Vectren Energy Delivery of Ohio (CenterPoint Energy Ohio) Rate Selection Guide
Vectren Energy Delivery of Ohio, now operating as CenterPoint Energy Ohio, is a natural gas distribution utility serving roughly 1.4 million customers across west-central Ohio. As a regulated local distribution company under PUCO oversight, it delivers gas while supply is open to competition through Ohio's Energy Choice program, giving commercial customers multiple data-access and procurement options.

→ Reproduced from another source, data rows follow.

definition Ysubgraphs :: "nat \<Rightarrow> nat \<Rightarrow> nat \<Rightarrow> nat \<Rightarrow> nat \<Rightarrow> nat set set \<Rightarrow> (nat set \<times> nat set set) set"
  where "Ysubgraphs r n m u v G = {(V, E). V \<subseteq> {1..n} \<and> u \<in> V \<and> v \<in> V \<and>
       E \<subseteq> G \<and> (\<forall>e\<in>E. e \<subseteq> V) \<and> card E = m \<and>
       real m \<ge> lam r * (real (card V) - 2) + 1}"

lemma Ycount_eq_card_Ysubgraphs: "Ycount r n m u v G = card (Ysubgraphs r n m u v G)"
  unfolding Ycount_def Ysubgraphs_def ..

lemma finite_Ysubgraphs: "finite (Ysubgraphs r n m u v G)"
proof (rule finite_subset)
  show "Ysubgraphs r n m u v G \<subseteq> Pow {1..n} \<times> Pow (Pow {1..n})"
    unfolding Ysubgraphs_def by blast
qed simp

lemma Ysubgraphs_restrict:
  "Ysubgraphs r n m u v {e \<in> G. f e} = {x \<in> Ysubgraphs r n m u v G. \<forall>e\<in>snd x. f e}"
  unfolding Ysubgraphs_def by auto

lemma finite_Kn_edges: "finite (Kn_edges n)"
  unfolding Kn_edges_def by (rule finite_subset[of _ "Pow {1..n}"]) auto
(* Let $\ell\ge1$ and let $\mathbf{s},\mathbf{p}\in\mathbb{Z}^{\ell+1}$ be column vectors with $\mathbf{s}_{\ell+1}=1$. Set $d:=\mathbf{s}^T\mathbf{p}$ and assume $d\neq0$; let $\gamma$ be the gcd of the entries of $\mathbf{p}$. Then the matrix $L:=dI_{\ell+1}-\mathbf{p}\mathbf{s}^T$ has cokernel $$\mathbb{Z}^{\ell+1}/\mathrm{im}\,L\cong\mathbb{Z}\oplus\mathbb{Z}/\gamma\mathbb{Z}\oplus(\mathbb{Z}/d\mathbb{Z})^{\ell-1}.$$ *)

theory Defs
  imports "HOL-Algebra.Algebra"
begin

definition intvec_group :: "nat \<Rightarrow> (nat \<Rightarrow> int) monoid" where
  "intvec_group l = product_group {..l} (\<lambda>_. integer_group)"

definition Lmap :: "nat \<Rightarrow> (nat \<Rightarrow> int) \<Rightarrow> (nat \<Rightarrow> int) \<Rightarrow> (nat \<Rightarrow> int) \<Rightarrow> (nat \<Rightarrow> int)" where
  "Lmap l s p v = (\<lambda>i\<in>{..l}. (\<Sum>j\<le>l. s j * p j) * v i - p i * (\<Sum>j\<le>l. s j * v j))"

definition target_group :: "nat \<Rightarrow> int \<Rightarrow> int \<Rightarrow> (nat \<Rightarrow> int) monoid" where
  "target_group l g d = product_group {..l}
     (\<lambda>i. if i = 0 then integer_group
          else if i = 1 then integer_mod_group (nat \<bar>g\<bar>)
          else integer_mod_group (nat \<bar>d\<bar>))"

end

theory Submission
  imports Defs
begin
(* Let $V\subseteq\mathbb{A}^n$ be an affine variety defined over $\mathbb{Z}$. Then, with the emerging metric on finite prime fields described in the context, $\mathsf{lm}^{\mathrm{loc}}V(\mathrm{F}_q)=\overline{V(\mathbb{Q})}\subseteq V(\mathbb{R})$: the local ultraproduct of the sets $V(\mathrm{F}_q)$, i.e. the image of $V(\mathrm{F})\cap(\mathrm{F}_{/\mathfrak{l}})^n$ under the coordinatewise quotient map $(\mathrm{F}_{/\mathfrak{l}})^n\to(\mathrm{F}_{/\mathfrak{l}}/\!\approx)^n\cong\mathbb{R}^n$, equals the closure in $\mathbb{R}^n$ of the set of rational points $V(\mathbb{Q})$.
   Context: $V$ is the zero set of finitely many polynomials in $\mathbb{Z}[x_1,\dots,x_n]$, and $V(R)$ denotes its set of points with coordinates in a ring $R$. Let $\mathcal{D}$ be a non-principal ultrafilter on $\mathbb{N}$ containing the set of primes, ${}^*\mathbb{Z}=\mathbb{Z}^{\mathbb{N}}/\mathcal{D}$, $\mathfrak{q}\in{}^*\mathbb{Z}$ the class of $(q)_{q\in\mathbb{N}}$, and $\mathrm{F}={}^*\mathbb{Z}/\mathfrak{q}\,{}^*\mathbb{Z}\cong\prod_{\mathcal{D}}\mathrm{F}_q$ with $\mathrm{F}_q=\mathbb{Z}/q\mathbb{Z}$. Assume there is a model ${}^f\mathbb{Z}$ of arithmetic with $\mathbb{Z}\prec{}^f\mathbb{Z}\prec{}^*\mathbb{Z}$ and $\mathfrak{q}>k$ for all $k\in{}^f\mathbb{Z}$, and let $\mathfrak{l}\in{}^f\mathbb{Z}$ be a positive infinite integer (so $\mathfrak{l}^n<\mathfrak{q}$ for all $n\in\mathbb{N}$). For $m\in\mathbb{N}$ let $Z(m)=\{k\in{}^*\mathbb{Z}:|k|<\mathfrak{l}^m\}$ (embedded in $\mathrm{F}$ by reduction mod $\mathfrak{q}$), $S_m(\mathrm{F})=\{z\in\mathrm{F}:\exists k_1,k_2\in Z(m),k_2\ne0,\ z=k_1k_2^{-1},\ |k_1|/|k_2|\le m\}$, $\mathrm{F}_{/\mathfrak{l}}=\bigcup_mS_m(\mathrm{F})$, $\|z\|=\mathrm{st}(|k_1|/|k_2|)$ for the minimal such pair $(k_1,k_2)$, $\mathsf{d}(z_1,z_2)=\|z_1-z_2\|$, and $z_1\approx z_2$ iff $\mathsf{d}(z_1,z_2)\le 1/n$ for all $n\in\mathbb{N}$. The quotient $\mathrm{F}_{/\mathfrak{l}}/\!\approx$, with induced operations and metric, is identified with $\mathbb{R}$ (the local ultraproduct $\mathsf{lm}^{\mathrm{loc}}\mathrm{F}_q=\mathbb{R}$), and $n$-tuples are treated coordinatewise. *)

theory Defs
  imports "HOL-Analysis.Analysis" "HOL-Computational_Algebra.Primes"
begin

Vectren Energy Delivery of Ohio (CenterPoint Energy Ohio) Rate Schedule Comparison
| Schedule | Type | Rate | Best For |
|---|---|---|---|
| General Sales Service | commercial | Customer charge + volumetric delivery + riders + SCO commodity (~$0.4388/ccf, May 2026) | Small/mid commercial customers who prefer the regulated default commodity |
| General Transportation (Choice) | commercial | Regulated delivery charges only; commodity billed by supplier | Commercial customers shopping for fixed-price supply |
| Large / Mercantile Transportation | industrial | Transportation delivery + demand/balancing components; competitive commodity | Large industrial loads (10,000+ Mcf/yr) optimizing supply and balancing |
| Distribution Replacement Rider | commercial | ~$14.30/month fixed (per recent filings) | Applies to applicable distribution customers; funds pipeline replacement |
Market Overview
Distribution service is regulated by PUCO and provided exclusively by CenterPoint Energy Ohio. The gas commodity is competitive under Ohio's Energy Choice program: customers may take the PUCO-approved Standard Choice Offer (SCO) or contract with a certified Competitive Retail Natural Gas supplier. C&I customers commonly negotiate fixed-price supply to hedge commodity volatility while delivery charges remain regulated.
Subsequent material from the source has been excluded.